» What this task involves
From the line holding "(\<chi> j. if ynad" to the final line below, restate each line word for word and add nothing.

Stored data entries:

────────────────────────────────────────

(* Consider NSGA-III (as defined in the context) on an arbitrary $m$-objective function $f:\{0,1\}^n\to\mathbb N_0^m$ with $\varepsilon_{\mathrm{nad}}\ge f_{\max}$ and reference set $\mathcal R_p$ with $p\ge 2m^{3/2}f_{\max}$, any population size, any initial population and any rule for choosing the extreme points. Then in every generation $t$, any two search points in $F^1_t$ that are associated with the same reference point of $\mathcal R_p$ have the same fitness vector.
   Context: Let $f=(f_1,\dots,f_m):\{0,1\}^n\to\mathbb N_0^m$ be an $m$-objective function to be maximized, and $f_{\max}:=\max\{f_j(x): x\in\{0,1\}^n, j\in[m]\}$, assumed $\ge 1$. For $x,y\in\{0,1\}^n$: $x\succeq y$ ($x$ weakly dominates $y$) iff $f_j(x)\ge f_j(y)$ for all $j$; $x\succ y$ iff $x\succeq y$ and $f_j(x)>f_j(y)$ for some $j$; $x,y$ are incomparable if neither $x\succeq y$ nor $y\succeq x$. For $p\in\mathbb N$ the reference set is $\mathcal R_p=\{(a_1/p,\dots,a_m/p): (a_1,\dots,a_m)\in\mathbb N_0^m,\ \sum_i a_i=p\}$. NSGA-III with population size $\mu$, threshold $\varepsilon_{\mathrm{nad}}>0$ and reference set $\mathcal R_p$: start with a population $P_0$ (a multiset of $\mu$ bit strings; arbitrary), $E_0=\{(-\infty,\dots,-\infty)\}$, $y^{\max}=(-\infty,\dots,-\infty)$, $y^{\min}=(+\infty,\dots,+\infty)$. In generation $t=0,1,2,\dots$: (1) Offspring: $Q_t$ consists of $\mu$ offspring, each created independently by choosing a parent uniformly at random from $P_t$ and flipping each of its bits independently with probability $1/n$. (2) Sorting: $R_t=P_t\cup Q_t$ (multiset of size $2\mu$) is partitioned into layers $F^1_t,\dots,F^k_t$, where $F^1_t$ consists of the members of $R_t$ not dominated (w.r.t. $\succ$) by any member of $R_t$, and $F^i_t$ consists of the members of $R_t\setminus(F^1_t\cup\dots\cup F^{i-1}_t)$ not dominated by any member of that set. Let $i^*$ be the index with $\sum_{i<i^*}|F^i_t|<\mu\le\sum_{i\le i^*}|F^i_t|$, and $Y_t=\bigcup_{i<i^*}F^i_t$. (3) Normalization: for each $j$, set $y^{\min}_j\leftarrow\min(y^{\min}_j,\min_{x\in R_t}f_j(x))$ and $y^{\max}_j\leftarrow\max(y^{\max}_j,\max_{x\in F^1_t}f_j(x))$ (so these are running extremes over all generations so far), and choose an extreme point $e^{(j)}\in f(Y_t\cup F^{i^*}_t)\cup E_t$ by some fixed rule (originally via an achievement scalarization function); set $E_{t+1}=\{e^{(1)},\dots,e^{(m)}\}$. If $e^{(1)},\dots,e^{(m)}$ are linearly independent, let $H$ be the affine hyperplane through them; if for every $j$ the hyperplane $H$ meets the $j$-th coordinate axis in exactly one point $I_j u_j$ ($u_j$ the $j$-th unit vector) with $\varepsilon_{\mathrm{nad}}\le I_j\le y^{\max}_j$, set $y^{\mathrm{nad}}_j=I_j$ for all $j$. Otherwise (including linear dependence) set $y^{\mathrm{nad}}_j=\max_{x\in F^1_t}f_j(x)$ for all $j$. Afterwards, for every $j$ with $y^{\mathrm{nad}}_j<y^{\min}_j+\varepsilon_{\mathrm{nad}}$, reset $y^{\mathrm{nad}}_j=\max_{x\in R_t}f_j(x)$. The normalized objectives are $f^n_j(x)=(f_j(x)-y^{\min}_j)/(y^{\mathrm{nad}}_j-y^{\min}_j)$ (with the convention $f^n_j(x):=0$ if the denominator is $0$), $f^n=(f^n_1,\dots,f^n_m)$. (4) Association: each $x\in Y_t\cup F^{i^*}_t$ is associated with a reference point $\mathrm{rp}(x)\in\mathcal R_p$ minimizing the Euclidean distance from $f^n(x)$ to the line $\{\lambda r:\lambda\in\mathbb R\}$ (equivalently, minimizing the angle between $f^n(x)$ and $r$); ties are broken by a deterministic rule depending only on $f^n(x)$. (5) Selection: let $\rho_r=|\{x\in Y_t:\mathrm{rp}(x)=r\}|$ for $r\in\mathcal R_p$, $\tilde F=\emptyset$, $R'=\mathcal R_p$. Repeat: choose $r\in R'$ with minimal $\rho_r$ (ties uniformly at random); if some $x\in F^{i^*}_t\setminus\tilde F$ has $\mathrm{rp}(x)=r$, add to $\tilde F$ such an $x$ minimizing the distance between $f^n(x)$ and $r$ (ties uniformly at random), increase $\rho_r$ by one, and stop as soon as $|Y_t|+|\tilde F|=\mu$; otherwise remove $r$ from $R'$. Set $P_{t+1}=Y_t\cup\tilde F$. *)

theory Defs
  imports "HOL-Analysis.Analysis" "HOL-Library.Multiset"
begin

text \<open>Objective functions are f :: bool list => nat^'m (m = CARD('m) objectives);
  search points are bit strings of length n (bool lists).\<close>

definition fmax :: "nat \<Rightarrow> (bool list \<Rightarrow> nat^'m) \<Rightarrow> nat" where
  "fmax n f = Max {f x $ j | x j. length x = n}"

definition weakly_dom :: "(bool list \<Rightarrow> nat^'m) \<Rightarrow> bool list \<Rightarrow> bool list \<Rightarrow> bool" where
  "weakly_dom f x y \<longleftrightarrow> (\<forall>j. f y $ j \<le> f x $ j)"

definition strictly_dom :: "(bool list \<Rightarrow> nat^'m) \<Rightarrow> bool list \<Rightarrow> bool list \<Rightarrow> bool" where
  "strictly_dom f x y \<longleftrightarrow> weakly_dom f x y \<and> (\<exists>j. f y $ j < f x $ j)"

definition nondom_part :: "(bool list \<Rightarrow> nat^'m) \<Rightarrow> bool list multiset \<Rightarrow> bool list multiset" where
  "nondom_part f R = filter_mset (\<lambda>x. \<not> (\<exists>y\<in>#R. strictly_dom f y x)) R"

primrec rest :: "(bool list \<Rightarrow> nat^'m) \<Rightarrow> bool list multiset \<Rightarrow> nat \<Rightarrow> bool list multiset" where
  "rest f R 0 = R"
| "rest f R (Suc i) = rest f R i - nondom_part f (rest f R i)"

text \<open>front f R i is the layer F^(i+1) (0-indexed); front f R 0 = F^1.\<close>
definition front :: "(bool list \<Rightarrow> nat^'m) \<Rightarrow> bool list multiset \<Rightarrow> nat \<Rightarrow> bool list multiset" where
  "front f R i = nondom_part f (rest f R i)"

text \<open>0-indexed critical layer index i* - 1.\<close>
definition crit_idx :: "(bool list \<Rightarrow> nat^'m) \<Rightarrow> nat \<Rightarrow> bool list multiset \<Rightarrow> nat" where
  "crit_idx f \<mu> R = (LEAST k. \<mu> \<le> size (R - rest f R (Suc k)))"

text \<open>Y_t = union of the layers before the critical one.\<close>
definition Yset :: "(bool list \<Rightarrow> nat^'m) \<Rightarrow> nat \<Rightarrow> bool list multiset \<Rightarrow> bool list multiset" where
  "Yset f \<mu> R = R - rest f R (crit_idx f \<mu> R)"

definition Fcrit :: "(bool list \<Rightarrow> nat^'m) \<Rightarrow> nat \<Rightarrow> bool list multiset \<Rightarrow> bool list multiset" where
  "Fcrit f \<mu> R = front f R (crit_idx f \<mu> R)"

definition ref_set :: "nat \<Rightarrow> (real^'m) set" where
  "ref_set p = {(\<chi> i. real (a $ i) / real p) | a :: nat^'m. (\<Sum>i\<in>UNIV. a $ i) = p}"

definition line_dist :: "real^'m \<Rightarrow> real^'m \<Rightarrow> real" where
  "line_dist v r = infdist v (range (\<lambda>c::real. c *\<^sub>R r))"

definition is_assoc_rule :: "nat \<Rightarrow> (real^'m \<Rightarrow> real^'m) \<Rightarrow> bool" where
  "is_assoc_rule p assoc \<longleftrightarrow>
     (\<forall>v. assoc v \<in> ref_set p \<and> (\<forall>r\<in>ref_set p. line_dist v (assoc v) \<le> line_dist v r))"

definition fvec :: "(bool list \<Rightarrow> nat^'m) \<Rightarrow> bool list \<Rightarrow> ereal^'m" where
  "fvec f x = (\<chi> k. ereal (real (f x $ k)))"

definition upd_min :: "(bool list \<Rightarrow> nat^'m) \<Rightarrow> bool list multiset \<Rightarrow> ereal^'m \<Rightarrow> ereal^'m" where
  "upd_min f R ymin = (\<chi> j. min (ymin $ j) (ereal (Min ((\<lambda>x. real (f x $ j)) ` set_mset R))))"

definition upd_max :: "(bool list \<Rightarrow> nat^'m) \<Rightarrow> bool list multiset \<Rightarrow> ereal^'m \<Rightarrow> ereal^'m" where
  "upd_max f F1 ymax = (\<chi> j. max (ymax $ j) (ereal (Max ((\<lambda>x. real (f x $ j)) ` set_mset F1))))"

definition ext_real :: "('m \<Rightarrow> ereal^'m) \<Rightarrow> 'm \<Rightarrow> real^'m" where
  "ext_real es j = (\<chi> k. real_of_ereal (es j $ k))"

definition intercept :: "('m \<Rightarrow> ereal^'m) \<Rightarrow> 'm \<Rightarrow> real" where
  "intercept es j = (THE I. I *\<^sub>R axis j (1::real) \<in> affine hull (range (ext_real es)))"

definition hyperplane_ok :: "real \<Rightarrow> ereal^'m \<Rightarrow> ('m \<Rightarrow> ereal^'m) \<Rightarrow> bool" where
  "hyperplane_ok eps ymax es \<longleftrightarrow>
     (\<forall>j k. \<bar>es j $ k\<bar> \<noteq> \<infinity>) \<and>
     inj (ext_real es) \<and> independent (range (ext_real es)) \<and>
     (\<forall>j. \<exists>!I. I *\<^sub>R axis j (1::real) \<in> affine hull (range (ext_real es))) \<and>
     (\<forall>j. eps \<le> intercept es j \<and> ereal (intercept es j) \<le> ymax $ j)"

definition nadir :: "real \<Rightarrow> (bool list \<Rightarrow> nat^'m) \<Rightarrow> bool list multiset \<Rightarrow> bool list multiset
                     \<Rightarrow> real^'m \<Rightarrow> ereal^'m \<Rightarrow> ('m \<Rightarrow> ereal^'m) \<Rightarrow> real^'m" where
  "nadir eps f R F1 ymin ymax es =
    (let pre = (if hyperplane_ok eps ymax es then (\<chi> j. intercept es j)
                else (\<chi> j. Max ((\<lambda>x. real (f x $ j)) ` set_mset F1)))
     in (\<chi> j. if pre $ j < ymin $ j + eps then Max ((\<lambda>x. real (f x $ j)) ` set_mset R)
              else pre $ j))"

definition fnorm :: "(bool list \<Rightarrow> nat^'m) \<Rightarrow> real^'m \<Rightarrow> real^'m \<Rightarrow> bool list \<Rightarrow> real^'m" where
  "fnorm f ymin ynad x =
    (\<chi> j. if ynad $ j - ymin $ j = 0 then 0
          else (real (f x $ j) - ymin $ j) / (ynad $ j - ymin $ j))"

definition normf :: "real \<Rightarrow> (bool list \<Rightarrow> nat^'m) \<Rightarrow> bool list multiset \<Rightarrow> ereal^'m \<Rightarrow> ereal^'m
                     \<Rightarrow> ('m \<Rightarrow> ereal^'m) \<Rightarrow> bool list \<Rightarrow> real^'m" where
  "normf eps f R ymin ymax es =
    (let F1 = front f R 0;
         ymin' = (\<chi> j. real_of_ereal (upd_min f R ymin $ j));
         ymax' = upd_max f F1 ymax
     in fnorm f ymin' (nadir eps f R F1 ymin' ymax' es))"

────────────────────────────────────────

» Answer section
    (\<chi> j. if ynad $ j - ymin $ j = 0 then 0
          else (real (f x $ j) - ymin $ j) / (ynad $ j - ymin $ j))"

definition normf :: "real \<Rightarrow> (bool list \<Rightarrow> nat^'m) \<Rightarrow> bool list multiset \<Rightarrow> ereal^'m \<Rightarrow> ereal^'m
                     \<Rightarrow> ('m \<Rightarrow> ereal^'m) \<Rightarrow> bool list \<Rightarrow> real^'m" where
  "normf eps f R ymin ymax es =
    (let F1 = front f R 0;
         ymin' = (\<chi> j. real_of_ereal (upd_min f R ymin $ j));
         ymax' = upd_max f F1 ymax
     in fnorm f ymin' (nadir eps f R F1 ymin' ymax' es))"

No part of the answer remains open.